Data entries:
-------

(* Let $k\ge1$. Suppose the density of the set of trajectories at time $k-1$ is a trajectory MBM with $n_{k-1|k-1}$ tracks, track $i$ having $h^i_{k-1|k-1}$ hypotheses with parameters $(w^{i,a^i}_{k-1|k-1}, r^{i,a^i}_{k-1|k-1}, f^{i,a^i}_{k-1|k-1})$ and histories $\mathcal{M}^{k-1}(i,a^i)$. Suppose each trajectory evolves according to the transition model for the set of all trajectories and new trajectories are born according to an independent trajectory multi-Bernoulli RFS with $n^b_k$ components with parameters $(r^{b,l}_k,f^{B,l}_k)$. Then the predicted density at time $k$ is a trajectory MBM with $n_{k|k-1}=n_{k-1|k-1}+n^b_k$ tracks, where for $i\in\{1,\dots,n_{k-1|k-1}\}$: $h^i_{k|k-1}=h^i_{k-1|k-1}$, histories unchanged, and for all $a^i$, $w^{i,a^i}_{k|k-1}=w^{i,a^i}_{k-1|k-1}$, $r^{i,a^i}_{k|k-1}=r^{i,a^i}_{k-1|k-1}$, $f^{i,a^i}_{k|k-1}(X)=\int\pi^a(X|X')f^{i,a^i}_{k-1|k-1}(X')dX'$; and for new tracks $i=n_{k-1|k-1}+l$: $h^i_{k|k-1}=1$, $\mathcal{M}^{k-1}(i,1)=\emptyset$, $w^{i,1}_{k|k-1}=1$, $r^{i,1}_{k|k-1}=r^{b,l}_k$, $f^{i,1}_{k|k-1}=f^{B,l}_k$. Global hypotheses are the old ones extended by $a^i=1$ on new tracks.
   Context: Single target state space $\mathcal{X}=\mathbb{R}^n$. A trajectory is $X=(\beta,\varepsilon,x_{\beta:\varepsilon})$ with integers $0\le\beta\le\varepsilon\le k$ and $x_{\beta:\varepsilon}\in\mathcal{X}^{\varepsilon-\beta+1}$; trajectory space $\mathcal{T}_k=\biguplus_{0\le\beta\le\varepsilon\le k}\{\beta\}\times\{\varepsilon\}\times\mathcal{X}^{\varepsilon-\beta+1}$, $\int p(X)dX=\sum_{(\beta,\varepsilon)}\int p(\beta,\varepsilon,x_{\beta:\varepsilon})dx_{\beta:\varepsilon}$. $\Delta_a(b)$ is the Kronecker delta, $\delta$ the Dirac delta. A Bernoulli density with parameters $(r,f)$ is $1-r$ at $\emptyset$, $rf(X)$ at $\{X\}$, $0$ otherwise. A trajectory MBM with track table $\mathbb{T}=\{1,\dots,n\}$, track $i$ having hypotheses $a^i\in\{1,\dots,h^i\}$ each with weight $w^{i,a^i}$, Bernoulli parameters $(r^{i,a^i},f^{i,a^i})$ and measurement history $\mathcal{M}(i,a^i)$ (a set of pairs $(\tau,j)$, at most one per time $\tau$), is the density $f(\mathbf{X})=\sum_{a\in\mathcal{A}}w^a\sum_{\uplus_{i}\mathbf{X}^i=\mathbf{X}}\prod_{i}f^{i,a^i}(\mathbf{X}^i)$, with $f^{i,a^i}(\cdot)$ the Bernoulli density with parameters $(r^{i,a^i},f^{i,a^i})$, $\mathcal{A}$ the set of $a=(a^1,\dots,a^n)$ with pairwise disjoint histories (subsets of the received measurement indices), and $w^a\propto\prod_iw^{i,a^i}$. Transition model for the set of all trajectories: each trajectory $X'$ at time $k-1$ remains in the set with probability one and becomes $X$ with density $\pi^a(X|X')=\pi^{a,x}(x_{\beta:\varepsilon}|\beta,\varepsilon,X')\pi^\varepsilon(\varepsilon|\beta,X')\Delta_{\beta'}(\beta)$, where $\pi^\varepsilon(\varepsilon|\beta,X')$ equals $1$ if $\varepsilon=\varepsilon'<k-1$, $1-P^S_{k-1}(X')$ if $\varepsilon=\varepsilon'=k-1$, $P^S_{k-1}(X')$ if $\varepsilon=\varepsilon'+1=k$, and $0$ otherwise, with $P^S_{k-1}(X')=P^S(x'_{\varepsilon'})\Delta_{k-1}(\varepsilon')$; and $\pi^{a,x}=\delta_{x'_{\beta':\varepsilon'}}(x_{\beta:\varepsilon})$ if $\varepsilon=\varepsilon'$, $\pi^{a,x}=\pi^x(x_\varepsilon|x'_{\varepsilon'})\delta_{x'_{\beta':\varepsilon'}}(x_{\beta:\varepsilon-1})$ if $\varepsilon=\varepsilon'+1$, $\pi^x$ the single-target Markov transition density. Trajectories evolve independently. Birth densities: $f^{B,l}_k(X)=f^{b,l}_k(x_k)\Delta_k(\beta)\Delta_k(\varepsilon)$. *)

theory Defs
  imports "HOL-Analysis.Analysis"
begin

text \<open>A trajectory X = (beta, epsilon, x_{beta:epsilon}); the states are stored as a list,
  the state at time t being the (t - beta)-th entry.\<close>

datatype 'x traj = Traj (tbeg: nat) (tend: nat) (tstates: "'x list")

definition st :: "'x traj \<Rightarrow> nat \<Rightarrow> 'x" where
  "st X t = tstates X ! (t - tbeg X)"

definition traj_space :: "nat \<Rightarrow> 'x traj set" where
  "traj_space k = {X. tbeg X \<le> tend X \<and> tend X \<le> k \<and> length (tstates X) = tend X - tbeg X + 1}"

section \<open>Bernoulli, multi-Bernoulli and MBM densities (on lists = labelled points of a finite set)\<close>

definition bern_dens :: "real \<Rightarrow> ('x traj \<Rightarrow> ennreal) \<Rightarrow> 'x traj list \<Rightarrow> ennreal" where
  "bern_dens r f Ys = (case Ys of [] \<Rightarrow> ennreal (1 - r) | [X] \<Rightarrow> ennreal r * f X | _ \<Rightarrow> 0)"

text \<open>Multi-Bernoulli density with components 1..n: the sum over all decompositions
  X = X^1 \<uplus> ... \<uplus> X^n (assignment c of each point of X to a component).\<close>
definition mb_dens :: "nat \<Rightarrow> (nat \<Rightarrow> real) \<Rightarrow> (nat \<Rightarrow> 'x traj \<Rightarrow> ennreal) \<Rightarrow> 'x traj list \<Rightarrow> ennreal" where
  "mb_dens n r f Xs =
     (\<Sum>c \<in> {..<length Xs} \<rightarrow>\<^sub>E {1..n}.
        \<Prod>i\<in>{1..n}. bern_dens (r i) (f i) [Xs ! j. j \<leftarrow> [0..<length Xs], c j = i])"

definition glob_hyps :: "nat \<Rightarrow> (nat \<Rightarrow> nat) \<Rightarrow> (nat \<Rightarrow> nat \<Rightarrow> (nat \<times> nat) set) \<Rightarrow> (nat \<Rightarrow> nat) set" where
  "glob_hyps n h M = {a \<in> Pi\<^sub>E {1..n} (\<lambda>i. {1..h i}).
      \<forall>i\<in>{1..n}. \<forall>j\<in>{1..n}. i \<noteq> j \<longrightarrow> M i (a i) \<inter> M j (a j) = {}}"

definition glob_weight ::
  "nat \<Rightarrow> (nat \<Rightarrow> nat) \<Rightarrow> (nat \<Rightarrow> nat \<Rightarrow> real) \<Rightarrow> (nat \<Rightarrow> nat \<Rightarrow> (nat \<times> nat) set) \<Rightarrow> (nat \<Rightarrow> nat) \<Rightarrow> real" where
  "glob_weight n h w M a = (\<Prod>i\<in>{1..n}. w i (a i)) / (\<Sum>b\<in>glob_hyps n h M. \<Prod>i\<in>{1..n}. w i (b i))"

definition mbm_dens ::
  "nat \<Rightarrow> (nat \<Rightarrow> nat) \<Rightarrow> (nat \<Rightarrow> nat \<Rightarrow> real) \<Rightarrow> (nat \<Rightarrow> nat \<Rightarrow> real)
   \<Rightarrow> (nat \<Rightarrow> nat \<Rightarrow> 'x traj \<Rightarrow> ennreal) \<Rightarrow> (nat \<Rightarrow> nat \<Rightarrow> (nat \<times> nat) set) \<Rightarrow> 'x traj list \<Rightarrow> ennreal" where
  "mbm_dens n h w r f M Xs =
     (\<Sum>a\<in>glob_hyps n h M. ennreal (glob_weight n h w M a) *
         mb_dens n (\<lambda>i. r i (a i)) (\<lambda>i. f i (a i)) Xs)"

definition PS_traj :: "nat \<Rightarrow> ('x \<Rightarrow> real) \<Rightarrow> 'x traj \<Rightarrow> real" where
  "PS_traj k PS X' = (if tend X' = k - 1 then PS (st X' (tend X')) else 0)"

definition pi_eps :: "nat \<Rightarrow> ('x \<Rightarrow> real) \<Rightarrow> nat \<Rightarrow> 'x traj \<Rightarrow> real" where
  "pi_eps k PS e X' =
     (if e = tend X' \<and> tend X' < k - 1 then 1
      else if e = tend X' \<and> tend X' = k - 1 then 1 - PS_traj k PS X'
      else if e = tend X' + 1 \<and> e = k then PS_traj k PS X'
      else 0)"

-------

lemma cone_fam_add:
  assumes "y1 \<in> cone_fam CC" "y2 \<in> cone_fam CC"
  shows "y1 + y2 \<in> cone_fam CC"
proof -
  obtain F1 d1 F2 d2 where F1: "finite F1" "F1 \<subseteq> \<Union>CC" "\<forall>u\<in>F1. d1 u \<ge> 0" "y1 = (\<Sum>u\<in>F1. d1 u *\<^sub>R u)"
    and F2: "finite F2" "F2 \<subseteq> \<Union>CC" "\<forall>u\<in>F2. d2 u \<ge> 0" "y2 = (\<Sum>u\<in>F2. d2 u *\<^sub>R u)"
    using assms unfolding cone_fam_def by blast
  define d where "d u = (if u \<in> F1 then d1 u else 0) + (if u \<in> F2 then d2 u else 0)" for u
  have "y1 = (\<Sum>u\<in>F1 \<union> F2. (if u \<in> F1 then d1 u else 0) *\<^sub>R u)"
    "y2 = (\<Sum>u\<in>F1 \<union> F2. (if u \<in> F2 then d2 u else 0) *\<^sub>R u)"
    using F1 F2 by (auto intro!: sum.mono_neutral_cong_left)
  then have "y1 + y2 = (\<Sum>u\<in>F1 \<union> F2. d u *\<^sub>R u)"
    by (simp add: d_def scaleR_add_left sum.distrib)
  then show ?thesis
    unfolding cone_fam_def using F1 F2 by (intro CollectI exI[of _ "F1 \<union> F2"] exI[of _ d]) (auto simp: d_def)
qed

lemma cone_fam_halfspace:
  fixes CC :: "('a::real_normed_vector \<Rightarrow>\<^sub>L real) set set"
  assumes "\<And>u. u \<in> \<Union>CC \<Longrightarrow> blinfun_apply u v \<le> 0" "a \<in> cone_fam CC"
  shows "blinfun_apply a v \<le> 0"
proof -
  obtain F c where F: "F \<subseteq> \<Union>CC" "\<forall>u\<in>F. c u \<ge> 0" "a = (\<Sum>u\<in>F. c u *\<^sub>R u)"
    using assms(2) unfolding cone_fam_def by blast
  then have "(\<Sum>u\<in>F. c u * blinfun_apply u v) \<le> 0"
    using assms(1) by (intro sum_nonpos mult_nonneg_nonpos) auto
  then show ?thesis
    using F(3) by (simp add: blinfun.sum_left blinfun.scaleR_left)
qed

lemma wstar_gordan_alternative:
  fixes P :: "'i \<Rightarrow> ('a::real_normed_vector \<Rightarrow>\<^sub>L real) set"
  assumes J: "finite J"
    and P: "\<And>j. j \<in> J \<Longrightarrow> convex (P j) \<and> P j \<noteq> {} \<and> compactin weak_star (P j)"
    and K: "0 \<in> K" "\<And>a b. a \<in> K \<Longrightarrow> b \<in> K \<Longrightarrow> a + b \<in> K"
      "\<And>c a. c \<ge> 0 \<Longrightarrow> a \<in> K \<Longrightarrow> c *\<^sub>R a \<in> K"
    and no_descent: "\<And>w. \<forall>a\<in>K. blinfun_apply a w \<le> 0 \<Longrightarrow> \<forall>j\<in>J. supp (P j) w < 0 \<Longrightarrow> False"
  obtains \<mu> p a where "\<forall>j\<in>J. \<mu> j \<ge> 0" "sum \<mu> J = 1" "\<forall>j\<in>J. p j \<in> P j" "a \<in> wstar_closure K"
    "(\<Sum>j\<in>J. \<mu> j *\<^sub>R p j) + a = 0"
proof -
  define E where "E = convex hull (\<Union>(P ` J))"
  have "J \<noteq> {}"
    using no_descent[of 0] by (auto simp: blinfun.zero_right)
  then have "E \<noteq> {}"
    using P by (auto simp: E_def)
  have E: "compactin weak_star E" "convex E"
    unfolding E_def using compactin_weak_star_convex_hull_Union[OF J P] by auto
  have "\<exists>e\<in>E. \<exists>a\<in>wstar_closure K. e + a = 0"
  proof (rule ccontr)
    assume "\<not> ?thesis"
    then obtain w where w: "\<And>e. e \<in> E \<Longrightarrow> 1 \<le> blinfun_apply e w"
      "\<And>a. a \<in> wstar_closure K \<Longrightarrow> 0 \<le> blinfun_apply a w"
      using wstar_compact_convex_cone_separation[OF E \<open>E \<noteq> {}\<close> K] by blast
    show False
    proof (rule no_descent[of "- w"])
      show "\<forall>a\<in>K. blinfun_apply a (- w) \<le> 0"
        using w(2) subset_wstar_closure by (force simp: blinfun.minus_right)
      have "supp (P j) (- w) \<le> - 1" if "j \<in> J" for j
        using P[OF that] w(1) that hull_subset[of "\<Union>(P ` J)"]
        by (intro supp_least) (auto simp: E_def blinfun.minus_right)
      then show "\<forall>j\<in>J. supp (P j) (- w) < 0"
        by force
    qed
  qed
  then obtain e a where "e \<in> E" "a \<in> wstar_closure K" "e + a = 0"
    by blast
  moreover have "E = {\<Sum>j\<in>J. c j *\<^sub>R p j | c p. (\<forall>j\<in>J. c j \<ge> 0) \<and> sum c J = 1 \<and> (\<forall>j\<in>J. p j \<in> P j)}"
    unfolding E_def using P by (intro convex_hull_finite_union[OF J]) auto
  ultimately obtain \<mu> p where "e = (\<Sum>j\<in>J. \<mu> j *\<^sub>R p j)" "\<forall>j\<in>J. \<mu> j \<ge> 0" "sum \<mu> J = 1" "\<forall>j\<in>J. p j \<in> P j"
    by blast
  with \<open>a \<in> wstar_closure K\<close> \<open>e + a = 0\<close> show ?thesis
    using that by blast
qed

-------

> _Work required_: The required output is every line above that contains the string "shows".

> _Task answer_:
  shows "y1 + y2 \<in> cone_fam CC"
  shows "blinfun_apply a v \<le> 0"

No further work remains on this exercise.